** Required work **
From the listing below, select every line where the word "shows" appears.

** Information provided **
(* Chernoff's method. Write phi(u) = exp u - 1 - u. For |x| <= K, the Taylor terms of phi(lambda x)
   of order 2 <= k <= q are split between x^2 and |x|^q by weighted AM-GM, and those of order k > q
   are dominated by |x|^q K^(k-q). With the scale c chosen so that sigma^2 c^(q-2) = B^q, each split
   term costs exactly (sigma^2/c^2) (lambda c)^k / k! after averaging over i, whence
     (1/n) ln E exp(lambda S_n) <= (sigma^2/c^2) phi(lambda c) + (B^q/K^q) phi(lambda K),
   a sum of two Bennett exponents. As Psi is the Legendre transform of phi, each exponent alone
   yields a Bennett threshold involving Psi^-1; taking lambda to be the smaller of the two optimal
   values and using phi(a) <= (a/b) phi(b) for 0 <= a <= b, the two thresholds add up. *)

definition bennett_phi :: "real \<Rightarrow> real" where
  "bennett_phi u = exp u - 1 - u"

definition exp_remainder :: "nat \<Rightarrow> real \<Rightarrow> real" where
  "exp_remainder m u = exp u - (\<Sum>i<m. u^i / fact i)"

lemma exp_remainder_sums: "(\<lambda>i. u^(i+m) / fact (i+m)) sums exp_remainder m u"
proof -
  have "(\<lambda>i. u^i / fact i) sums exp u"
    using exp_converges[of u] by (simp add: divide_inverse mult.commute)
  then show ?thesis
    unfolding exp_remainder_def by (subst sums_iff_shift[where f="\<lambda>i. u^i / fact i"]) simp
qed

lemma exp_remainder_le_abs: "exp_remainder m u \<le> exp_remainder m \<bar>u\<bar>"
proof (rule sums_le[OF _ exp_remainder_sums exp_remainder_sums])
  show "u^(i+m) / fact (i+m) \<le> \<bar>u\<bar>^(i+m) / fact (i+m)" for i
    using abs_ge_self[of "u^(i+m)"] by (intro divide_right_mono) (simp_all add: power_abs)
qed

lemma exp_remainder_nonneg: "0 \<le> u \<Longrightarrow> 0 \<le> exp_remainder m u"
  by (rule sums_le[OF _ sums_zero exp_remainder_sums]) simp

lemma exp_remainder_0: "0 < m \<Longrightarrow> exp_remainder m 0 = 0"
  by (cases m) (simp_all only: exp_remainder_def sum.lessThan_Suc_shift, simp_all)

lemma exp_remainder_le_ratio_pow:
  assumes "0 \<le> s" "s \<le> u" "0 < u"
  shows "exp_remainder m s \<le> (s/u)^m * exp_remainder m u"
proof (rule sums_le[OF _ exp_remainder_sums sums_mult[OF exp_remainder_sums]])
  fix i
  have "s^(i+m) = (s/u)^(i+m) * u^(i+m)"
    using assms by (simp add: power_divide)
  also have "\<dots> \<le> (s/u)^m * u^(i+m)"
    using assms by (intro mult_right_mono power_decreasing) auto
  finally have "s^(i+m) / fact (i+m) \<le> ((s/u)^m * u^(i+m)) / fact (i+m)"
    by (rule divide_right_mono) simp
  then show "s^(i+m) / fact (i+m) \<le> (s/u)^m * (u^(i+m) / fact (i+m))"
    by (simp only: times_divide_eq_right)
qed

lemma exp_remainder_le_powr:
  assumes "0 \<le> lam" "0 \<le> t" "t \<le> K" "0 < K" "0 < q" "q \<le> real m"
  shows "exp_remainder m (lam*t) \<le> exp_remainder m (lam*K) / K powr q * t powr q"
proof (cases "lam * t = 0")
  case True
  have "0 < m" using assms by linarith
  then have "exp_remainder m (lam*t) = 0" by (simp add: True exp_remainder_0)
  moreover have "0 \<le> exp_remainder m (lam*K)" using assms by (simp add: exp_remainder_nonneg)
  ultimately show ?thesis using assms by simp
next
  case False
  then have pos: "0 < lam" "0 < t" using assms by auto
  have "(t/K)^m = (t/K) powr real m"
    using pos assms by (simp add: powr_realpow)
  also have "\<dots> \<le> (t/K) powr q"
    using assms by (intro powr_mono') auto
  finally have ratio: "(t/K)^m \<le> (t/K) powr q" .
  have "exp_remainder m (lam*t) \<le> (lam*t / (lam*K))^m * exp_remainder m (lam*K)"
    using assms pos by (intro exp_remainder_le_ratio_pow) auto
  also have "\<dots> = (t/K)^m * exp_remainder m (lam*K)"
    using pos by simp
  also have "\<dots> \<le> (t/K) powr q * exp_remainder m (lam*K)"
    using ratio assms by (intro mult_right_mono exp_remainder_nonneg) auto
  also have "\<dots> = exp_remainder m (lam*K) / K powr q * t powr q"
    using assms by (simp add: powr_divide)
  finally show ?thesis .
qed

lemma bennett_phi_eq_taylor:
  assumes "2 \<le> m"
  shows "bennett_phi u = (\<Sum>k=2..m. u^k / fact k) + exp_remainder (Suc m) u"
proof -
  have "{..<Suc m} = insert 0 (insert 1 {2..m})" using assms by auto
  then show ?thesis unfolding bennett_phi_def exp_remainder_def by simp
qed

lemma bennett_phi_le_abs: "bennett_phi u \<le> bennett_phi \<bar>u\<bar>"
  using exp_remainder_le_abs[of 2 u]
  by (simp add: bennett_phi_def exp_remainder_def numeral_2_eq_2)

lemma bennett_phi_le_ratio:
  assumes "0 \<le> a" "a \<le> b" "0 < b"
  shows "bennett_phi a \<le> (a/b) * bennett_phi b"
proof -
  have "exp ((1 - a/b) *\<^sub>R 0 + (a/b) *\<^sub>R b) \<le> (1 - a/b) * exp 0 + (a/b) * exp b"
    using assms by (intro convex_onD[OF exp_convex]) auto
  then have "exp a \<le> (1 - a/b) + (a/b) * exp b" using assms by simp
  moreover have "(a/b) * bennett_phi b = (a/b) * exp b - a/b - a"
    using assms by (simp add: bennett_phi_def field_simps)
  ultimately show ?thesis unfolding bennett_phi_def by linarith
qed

* * *

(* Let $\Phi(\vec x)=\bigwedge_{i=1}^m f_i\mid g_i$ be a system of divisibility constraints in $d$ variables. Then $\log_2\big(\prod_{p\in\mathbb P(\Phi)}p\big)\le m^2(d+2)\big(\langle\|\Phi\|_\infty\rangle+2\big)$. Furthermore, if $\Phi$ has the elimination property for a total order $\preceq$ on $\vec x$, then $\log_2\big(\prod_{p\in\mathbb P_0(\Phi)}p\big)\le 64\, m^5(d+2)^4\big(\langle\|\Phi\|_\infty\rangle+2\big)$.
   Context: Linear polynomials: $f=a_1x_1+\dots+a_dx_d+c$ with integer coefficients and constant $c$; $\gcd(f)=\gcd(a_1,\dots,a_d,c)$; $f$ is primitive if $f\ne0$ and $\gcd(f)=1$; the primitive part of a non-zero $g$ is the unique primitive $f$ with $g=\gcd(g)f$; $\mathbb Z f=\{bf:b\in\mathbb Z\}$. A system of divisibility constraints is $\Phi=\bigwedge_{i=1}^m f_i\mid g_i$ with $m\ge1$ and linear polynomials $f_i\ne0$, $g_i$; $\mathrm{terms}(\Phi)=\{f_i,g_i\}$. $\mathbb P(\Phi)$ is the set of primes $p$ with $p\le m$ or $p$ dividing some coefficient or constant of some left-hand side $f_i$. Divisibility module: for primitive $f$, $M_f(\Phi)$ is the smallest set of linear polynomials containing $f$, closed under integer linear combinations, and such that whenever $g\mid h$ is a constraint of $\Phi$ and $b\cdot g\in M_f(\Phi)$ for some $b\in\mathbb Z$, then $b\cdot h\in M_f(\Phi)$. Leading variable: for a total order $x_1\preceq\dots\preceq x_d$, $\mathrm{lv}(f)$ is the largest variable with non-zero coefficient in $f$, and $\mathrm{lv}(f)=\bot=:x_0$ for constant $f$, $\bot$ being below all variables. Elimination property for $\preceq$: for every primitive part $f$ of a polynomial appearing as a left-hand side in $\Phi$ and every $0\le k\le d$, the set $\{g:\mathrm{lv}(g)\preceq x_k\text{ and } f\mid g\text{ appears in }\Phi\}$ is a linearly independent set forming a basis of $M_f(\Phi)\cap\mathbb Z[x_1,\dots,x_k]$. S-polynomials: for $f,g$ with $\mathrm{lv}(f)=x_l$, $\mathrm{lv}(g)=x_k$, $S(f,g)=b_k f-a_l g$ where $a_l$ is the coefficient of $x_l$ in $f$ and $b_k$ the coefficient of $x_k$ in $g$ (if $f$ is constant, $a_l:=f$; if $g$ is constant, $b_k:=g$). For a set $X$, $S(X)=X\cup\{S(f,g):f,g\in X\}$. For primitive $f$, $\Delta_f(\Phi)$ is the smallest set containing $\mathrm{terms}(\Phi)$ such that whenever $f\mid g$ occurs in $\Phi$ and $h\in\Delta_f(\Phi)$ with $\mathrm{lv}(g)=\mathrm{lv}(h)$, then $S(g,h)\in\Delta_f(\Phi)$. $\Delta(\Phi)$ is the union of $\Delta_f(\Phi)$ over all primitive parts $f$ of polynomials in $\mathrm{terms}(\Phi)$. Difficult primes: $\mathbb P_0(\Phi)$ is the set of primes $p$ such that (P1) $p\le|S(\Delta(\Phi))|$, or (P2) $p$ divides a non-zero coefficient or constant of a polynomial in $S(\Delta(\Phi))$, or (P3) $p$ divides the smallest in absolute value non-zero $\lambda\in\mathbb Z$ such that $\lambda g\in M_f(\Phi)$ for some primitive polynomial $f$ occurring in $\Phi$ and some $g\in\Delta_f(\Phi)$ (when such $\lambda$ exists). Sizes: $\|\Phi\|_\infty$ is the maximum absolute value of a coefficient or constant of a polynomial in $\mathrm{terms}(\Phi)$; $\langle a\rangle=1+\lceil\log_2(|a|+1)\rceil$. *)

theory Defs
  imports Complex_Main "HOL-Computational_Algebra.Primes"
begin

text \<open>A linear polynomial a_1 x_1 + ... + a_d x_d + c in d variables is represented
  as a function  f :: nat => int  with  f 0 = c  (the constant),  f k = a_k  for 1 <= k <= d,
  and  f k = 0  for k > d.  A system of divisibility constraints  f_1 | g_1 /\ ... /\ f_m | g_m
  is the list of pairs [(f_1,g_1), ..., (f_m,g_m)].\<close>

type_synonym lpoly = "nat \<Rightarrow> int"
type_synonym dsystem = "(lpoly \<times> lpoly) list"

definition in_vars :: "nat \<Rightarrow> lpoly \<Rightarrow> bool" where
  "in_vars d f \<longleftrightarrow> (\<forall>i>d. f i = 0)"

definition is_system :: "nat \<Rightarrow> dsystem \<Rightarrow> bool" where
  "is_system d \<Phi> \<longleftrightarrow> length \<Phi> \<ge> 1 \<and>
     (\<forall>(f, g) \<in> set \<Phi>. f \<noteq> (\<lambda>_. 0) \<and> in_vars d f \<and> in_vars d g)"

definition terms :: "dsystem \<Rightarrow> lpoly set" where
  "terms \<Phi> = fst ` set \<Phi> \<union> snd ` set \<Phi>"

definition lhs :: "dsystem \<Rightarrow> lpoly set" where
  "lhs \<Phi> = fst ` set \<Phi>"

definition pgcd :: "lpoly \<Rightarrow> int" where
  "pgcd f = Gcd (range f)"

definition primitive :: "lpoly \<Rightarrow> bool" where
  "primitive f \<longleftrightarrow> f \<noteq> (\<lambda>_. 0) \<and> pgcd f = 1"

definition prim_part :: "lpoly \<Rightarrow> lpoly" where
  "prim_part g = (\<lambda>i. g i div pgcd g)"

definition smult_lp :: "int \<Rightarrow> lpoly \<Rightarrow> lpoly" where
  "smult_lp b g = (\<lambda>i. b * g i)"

** Answer section **
  shows "exp_remainder m s \<le> (s/u)^m * exp_remainder m u"
  shows "exp_remainder m (lam*t) \<le> exp_remainder m (lam*K) / K powr q * t powr q"
  shows "bennett_phi u = (\<Sum>k=2..m. u^k / fact k) + exp_remainder (Suc m) u"
  shows "bennett_phi a \<le> (a/b) * bennett_phi b"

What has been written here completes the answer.